DATA PROVIDED: Begin

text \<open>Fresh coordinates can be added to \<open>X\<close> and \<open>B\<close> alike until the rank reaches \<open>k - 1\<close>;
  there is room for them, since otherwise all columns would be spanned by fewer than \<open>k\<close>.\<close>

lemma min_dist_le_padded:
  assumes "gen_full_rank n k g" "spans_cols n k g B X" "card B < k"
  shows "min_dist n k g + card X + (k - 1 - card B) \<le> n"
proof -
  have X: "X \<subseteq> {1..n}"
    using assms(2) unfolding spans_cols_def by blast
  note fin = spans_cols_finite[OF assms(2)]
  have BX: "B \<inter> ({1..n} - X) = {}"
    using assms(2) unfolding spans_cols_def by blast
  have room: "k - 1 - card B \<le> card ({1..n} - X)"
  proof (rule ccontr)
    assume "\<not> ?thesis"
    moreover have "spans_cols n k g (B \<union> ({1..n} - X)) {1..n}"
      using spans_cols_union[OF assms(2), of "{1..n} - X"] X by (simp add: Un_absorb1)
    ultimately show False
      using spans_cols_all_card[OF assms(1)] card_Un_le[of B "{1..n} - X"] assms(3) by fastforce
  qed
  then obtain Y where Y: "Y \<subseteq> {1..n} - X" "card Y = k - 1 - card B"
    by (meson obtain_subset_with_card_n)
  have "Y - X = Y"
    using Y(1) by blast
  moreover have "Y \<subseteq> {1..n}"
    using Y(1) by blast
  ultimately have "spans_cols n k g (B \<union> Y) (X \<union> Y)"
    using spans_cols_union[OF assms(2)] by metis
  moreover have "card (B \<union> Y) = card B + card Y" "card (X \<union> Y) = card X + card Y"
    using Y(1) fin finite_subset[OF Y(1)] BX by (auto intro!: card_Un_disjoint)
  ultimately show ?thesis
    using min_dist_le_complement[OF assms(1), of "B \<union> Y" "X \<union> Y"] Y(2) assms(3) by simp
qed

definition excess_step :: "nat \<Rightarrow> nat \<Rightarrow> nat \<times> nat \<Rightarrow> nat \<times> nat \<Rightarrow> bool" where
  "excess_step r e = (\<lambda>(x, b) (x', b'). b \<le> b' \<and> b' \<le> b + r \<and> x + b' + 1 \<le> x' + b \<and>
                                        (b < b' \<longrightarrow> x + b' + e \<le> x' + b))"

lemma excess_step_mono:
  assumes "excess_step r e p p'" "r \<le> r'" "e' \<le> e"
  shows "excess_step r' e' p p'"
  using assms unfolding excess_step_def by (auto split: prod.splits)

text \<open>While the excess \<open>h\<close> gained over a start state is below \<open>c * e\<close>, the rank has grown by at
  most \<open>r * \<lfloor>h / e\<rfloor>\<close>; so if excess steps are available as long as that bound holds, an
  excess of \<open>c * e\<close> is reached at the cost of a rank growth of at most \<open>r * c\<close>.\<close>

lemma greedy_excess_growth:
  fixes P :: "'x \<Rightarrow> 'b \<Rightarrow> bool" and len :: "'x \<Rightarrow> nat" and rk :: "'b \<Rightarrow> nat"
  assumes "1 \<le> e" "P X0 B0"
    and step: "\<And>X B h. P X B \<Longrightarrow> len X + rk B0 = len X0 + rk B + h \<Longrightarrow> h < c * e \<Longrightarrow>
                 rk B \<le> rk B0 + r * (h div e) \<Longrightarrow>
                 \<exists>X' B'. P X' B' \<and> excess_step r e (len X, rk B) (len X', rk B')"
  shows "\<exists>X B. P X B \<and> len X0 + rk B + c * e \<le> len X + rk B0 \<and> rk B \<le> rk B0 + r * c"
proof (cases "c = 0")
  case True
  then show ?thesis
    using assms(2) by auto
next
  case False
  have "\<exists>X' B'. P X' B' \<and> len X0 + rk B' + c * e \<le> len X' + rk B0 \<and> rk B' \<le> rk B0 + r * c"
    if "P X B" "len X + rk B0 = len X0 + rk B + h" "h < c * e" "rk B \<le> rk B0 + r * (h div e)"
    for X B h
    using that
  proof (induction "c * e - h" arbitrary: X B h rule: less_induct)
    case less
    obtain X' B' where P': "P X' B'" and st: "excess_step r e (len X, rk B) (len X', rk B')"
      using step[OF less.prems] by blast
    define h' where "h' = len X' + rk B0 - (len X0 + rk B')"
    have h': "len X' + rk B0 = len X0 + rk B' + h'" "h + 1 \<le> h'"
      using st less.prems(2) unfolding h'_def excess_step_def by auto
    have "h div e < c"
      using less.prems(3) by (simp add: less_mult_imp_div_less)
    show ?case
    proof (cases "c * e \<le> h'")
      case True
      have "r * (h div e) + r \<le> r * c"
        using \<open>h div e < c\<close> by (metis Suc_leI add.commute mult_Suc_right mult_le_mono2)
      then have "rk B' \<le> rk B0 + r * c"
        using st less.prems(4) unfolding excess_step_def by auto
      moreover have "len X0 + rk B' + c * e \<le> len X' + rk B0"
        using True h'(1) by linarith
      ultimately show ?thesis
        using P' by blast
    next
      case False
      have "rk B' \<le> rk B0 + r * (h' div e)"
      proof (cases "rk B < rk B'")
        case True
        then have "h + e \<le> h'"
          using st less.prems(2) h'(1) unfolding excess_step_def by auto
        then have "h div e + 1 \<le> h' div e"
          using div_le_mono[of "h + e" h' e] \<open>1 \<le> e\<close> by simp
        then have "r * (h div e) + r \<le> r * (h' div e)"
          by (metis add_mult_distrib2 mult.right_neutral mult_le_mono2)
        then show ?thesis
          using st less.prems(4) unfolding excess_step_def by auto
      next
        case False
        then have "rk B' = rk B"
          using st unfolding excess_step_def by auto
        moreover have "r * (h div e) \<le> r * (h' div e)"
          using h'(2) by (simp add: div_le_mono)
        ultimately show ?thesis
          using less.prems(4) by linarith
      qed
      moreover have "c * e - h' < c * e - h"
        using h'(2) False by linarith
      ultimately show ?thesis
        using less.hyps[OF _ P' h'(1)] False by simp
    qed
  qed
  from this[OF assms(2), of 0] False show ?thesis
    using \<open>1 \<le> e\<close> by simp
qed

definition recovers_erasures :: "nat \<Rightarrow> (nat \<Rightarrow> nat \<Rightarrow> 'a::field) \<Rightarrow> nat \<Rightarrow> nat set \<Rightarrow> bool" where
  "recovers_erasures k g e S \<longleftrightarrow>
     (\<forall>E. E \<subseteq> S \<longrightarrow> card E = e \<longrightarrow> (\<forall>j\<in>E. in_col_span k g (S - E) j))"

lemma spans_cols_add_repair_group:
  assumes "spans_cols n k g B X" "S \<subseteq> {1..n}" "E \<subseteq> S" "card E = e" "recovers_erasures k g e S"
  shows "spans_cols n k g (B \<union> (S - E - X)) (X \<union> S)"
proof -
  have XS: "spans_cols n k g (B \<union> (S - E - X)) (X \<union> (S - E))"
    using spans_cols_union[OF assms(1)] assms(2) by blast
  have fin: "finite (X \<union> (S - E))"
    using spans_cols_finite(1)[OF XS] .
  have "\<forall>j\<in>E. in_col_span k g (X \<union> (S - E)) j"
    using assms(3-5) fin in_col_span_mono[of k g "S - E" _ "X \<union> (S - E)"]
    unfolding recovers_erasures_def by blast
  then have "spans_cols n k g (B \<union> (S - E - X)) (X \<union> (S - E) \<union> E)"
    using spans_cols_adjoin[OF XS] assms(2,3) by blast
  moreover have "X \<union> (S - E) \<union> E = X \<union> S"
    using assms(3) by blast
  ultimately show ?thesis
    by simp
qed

DATA PROVIDED: End

When the word "where" occurs in a line above, list that line.

- **WRITTEN RESPONSE**
  then obtain Y where Y: "Y \<subseteq> {1..n} - X" "card Y = k - 1 - card B"
definition excess_step :: "nat \<Rightarrow> nat \<Rightarrow> nat \<times> nat \<Rightarrow> nat \<times> nat \<Rightarrow> bool" where
    obtain X' B' where P': "P X' B'" and st: "excess_step r e (len X, rk B) (len X', rk B')"
    define h' where "h' = len X' + rk B0 - (len X0 + rk B')"
definition recovers_erasures :: "nat \<Rightarrow> (nat \<Rightarrow> nat \<Rightarrow> 'a::field) \<Rightarrow> nat \<Rightarrow> nat set \<Rightarrow> bool" where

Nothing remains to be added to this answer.